The detection of Primary Sclerosing Cholangitis using Fecal VOC analysis.
R. van Vorstenbosch 1, G. Stavropoulos 1, A. Mommers 1, K. Munster 2, C. Ponsioen 2, F.J. van Schooten 1, A. Smolinska 1.
1. Department of Pharmacology and Toxicology, NUTRIM School of Nutrition and Translational Research, Maastricht University, Maastricht, The Netherlands
2. Department of Gastroenterology and Hepatology, Amsterdam University Medical Centres, Amsterdam, The Netherlands
Abstract: Background: In Primary Sclerosing Cholangitis (PSC) inflammation of the bile ducts results in accumulation of waste products in the liver, causing liver damage and cirrhosis. Approximately 8% of Inflammatory Bowel Disease (IBD) patients will develop PSC, highlighting a need for non-invasive screening tests. Recently, exhaled breath could successfully distinguish IBD from PSC. In the current study, we show similar utility of fecal VOC profiles. Method: Fecal samples of 24 PSC patients and 49 IBD patients were sampled using optimized settings of the Micro-Chamber/Thermal Extractor (MC).

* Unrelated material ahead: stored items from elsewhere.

lemma rep_as_sum:
  assumes m: "0 < m"
  shows "rep m p = (\<Sum>i<m. monom (coeff (rep m p) i) i)"
proof -
  obtain k where k: "m = Suc k"
    using m by (cases m) auto
  have "coeff (rep m p) i = 0" if "k < i" for i
    using m that k by (intro coeff_rep_eq_0) auto
  then have "degree (rep m p) \<le> k"
    by (intro degree_le) auto
  then have "rep m p = (\<Sum>i\<le>k. monom (coeff (rep m p) i) i)"
    by (rule poly_as_sum_of_monoms'[symmetric])
  then show ?thesis
    unfolding k lessThan_Suc_atMost .
qed

lemma mult_pred_mod_eq: "(i::nat) < m \<Longrightarrow> (m - 1) * i mod m = (m - i) mod m"
proof (cases "i = 0")
  case False
  assume "i < m"
  with False have "(m - 1) * i = (m - i) + m * (i - 1)"
    by (simp add: diff_mult_distrib diff_mult_distrib2 mult.commute)
  then show ?thesis
    by (simp only: mod_mult_self2)
qed simp

lemma cbar_cong_rconj:
  assumes m: "0 < m"
  shows "[cbar m p = rconj m p] (mod xm1 m)"
proof -
  define c where "c i = coeff (rep m p) i" for i
  have "[cbar m p = (\<Sum>i<m. monom (c i) ((m - i) mod m))] (mod xm1 m)"
    unfolding cbar_def c_def by (rule cong_rep)
  also have "[(\<Sum>i<m. monom (c i) ((m - i) mod m)) = (\<Sum>i<m. monom (c i) ((m - 1) * i))] (mod xm1 m)"
    by (rule cong_sum) (metis monom_cong_mod mult_pred_mod_eq cong_sym lessThan_iff)
  also have "[(\<Sum>i<m. monom (c i) ((m - 1) * i)) = rconj m p] (mod xm1 m)"
  proof -
    have "rconj m (rep m p) = rconj m (\<Sum>i<m. monom (c i) i)"
      unfolding c_def by (rule arg_cong[OF rep_as_sum[OF m]])
    then have "(\<Sum>i<m. monom (c i) ((m - 1) * i)) = rconj m (rep m p)"
      by (simp add: rconj_sum rconj_monom)
    then show ?thesis
      using rconj_cong[OF cong_rep[of m p]] by simp
  qed
  finally show ?thesis .
qed

section \<open>The dot product of coefficient vectors\<close>

definition coeff_dot :: "nat \<Rightarrow> 'a::field poly \<Rightarrow> 'a poly \<Rightarrow> 'a" where
  "coeff_dot m a b = (\<Sum>i<m. coeff (rep m a) i * coeff (rep m b) i)"

lemma coeff_dot_cong:
  "[a = a'] (mod xm1 m) \<Longrightarrow> [b = b'] (mod xm1 m) \<Longrightarrow> coeff_dot m a b = coeff_dot m a' b'"
  unfolding coeff_dot_def by (simp add: rep_eq_iff_cong[symmetric])

lemma coeff_dot_commute: "coeff_dot m a b = coeff_dot m b a"
  unfolding coeff_dot_def by (simp add: mult.commute)

lemma coeff_dot_add_left: "coeff_dot m (a + b) c = coeff_dot m a c + coeff_dot m b c"
  unfolding coeff_dot_def rep_def by (simp add: poly_mod_add_left sum.distrib algebra_simps)

lemma coeff_dot_smult_left: "coeff_dot m (smult k a) b = k * coeff_dot m a b"
  unfolding coeff_dot_def rep_def by (simp add: mod_smult_left sum_distrib_left algebra_simps)

lemma coeff_dot_diff_right: "coeff_dot m a (b - c) = coeff_dot m a b - coeff_dot m a c"
  unfolding coeff_dot_def rep_def by (simp add: poly_mod_diff_left sum_subtractf algebra_simps)

lemma coeff_dot_add_right: "coeff_dot m a (b + c) = coeff_dot m a b + coeff_dot m a c"
  by (metis coeff_dot_add_left coeff_dot_commute)

lemma coeff_dot_smult_right: "coeff_dot m a (smult k b) = k * coeff_dot m a b"
  by (metis coeff_dot_smult_left coeff_dot_commute)

lemma coeff_dot_0_left [simp]: "coeff_dot m 0 b = 0"
  unfolding coeff_dot_def by (simp add: rep_def)

lemma coeff_dot_0_right [simp]: "coeff_dot m a 0 = 0"
  unfolding coeff_dot_def by (simp add: rep_def)

lemma rep_pCons_0:
  fixes a :: "'a::field poly"
  assumes m: "0 < m"
  shows "rep m (pCons 0 a) = pCons 0 (rep m a) - smult (coeff (rep m a) (m - 1)) (xm1 m)"
    (is "_ = ?p")
proof -
  have "[pCons 0 (rep m a) = pCons 0 a] (mod xm1 m)"
    using cong_scalar_left[OF cong_rep[of m a], of "[:0, 1:]"] by simp
  moreover have "[smult (coeff (rep m a) (m - 1)) (xm1 m) = 0] (mod xm1 m)"
    unfolding cong_0_iff by (rule dvd_smult) simp
  ultimately have "[?p = pCons 0 a - 0] (mod xm1 m)"
    by (rule cong_diff)
  then have "rep m (pCons 0 a) = rep m ?p"
    by (simp add: rep_eq_iff_cong cong_sym_eq)
  moreover have "degree ?p < m"
  proof -
    have "coeff ?p k = 0" if "m - 1 < k" for k
      using m that coeff_rep_eq_0[OF m, of "k - 1" a]
      by (cases "k = m") (auto simp: coeff_xm1 coeff_pCons split: nat.split)
    then have "degree ?p \<le> m - 1"
      by (intro degree_le) auto
    then show ?thesis
      using m by linarith
  qed
  ultimately show ?thesis
    using rep_eq_self[OF m] by simp
qed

Next, fecal VOC profiles were analyzed using Gas Chromatography coupled to Mass spectrometry (GC-MS). Due to high variation in the data, data normalization was unfeasible. Therefore, a log-ratio approach combined with Random Forest was applied to analyze the data [1]. To improve predictions, data fusion of exhaled breath and fecal VOC profiles was performed using proximity stacking [2]. Results: A semi-targeted approach to distuinguish PSC from IBD cases resulted in an AUC ROC of 0.82 based on 8 fecal VOC markers. Proximity stacking further increased these predictions. Conclusions: Fecal VOC profiles were shown to distuinguish PSC from IBD and offer complementary information compared to exhaled breath profiles, thereby offering unique insights into the microbiome-gut-liver axis related to PSC.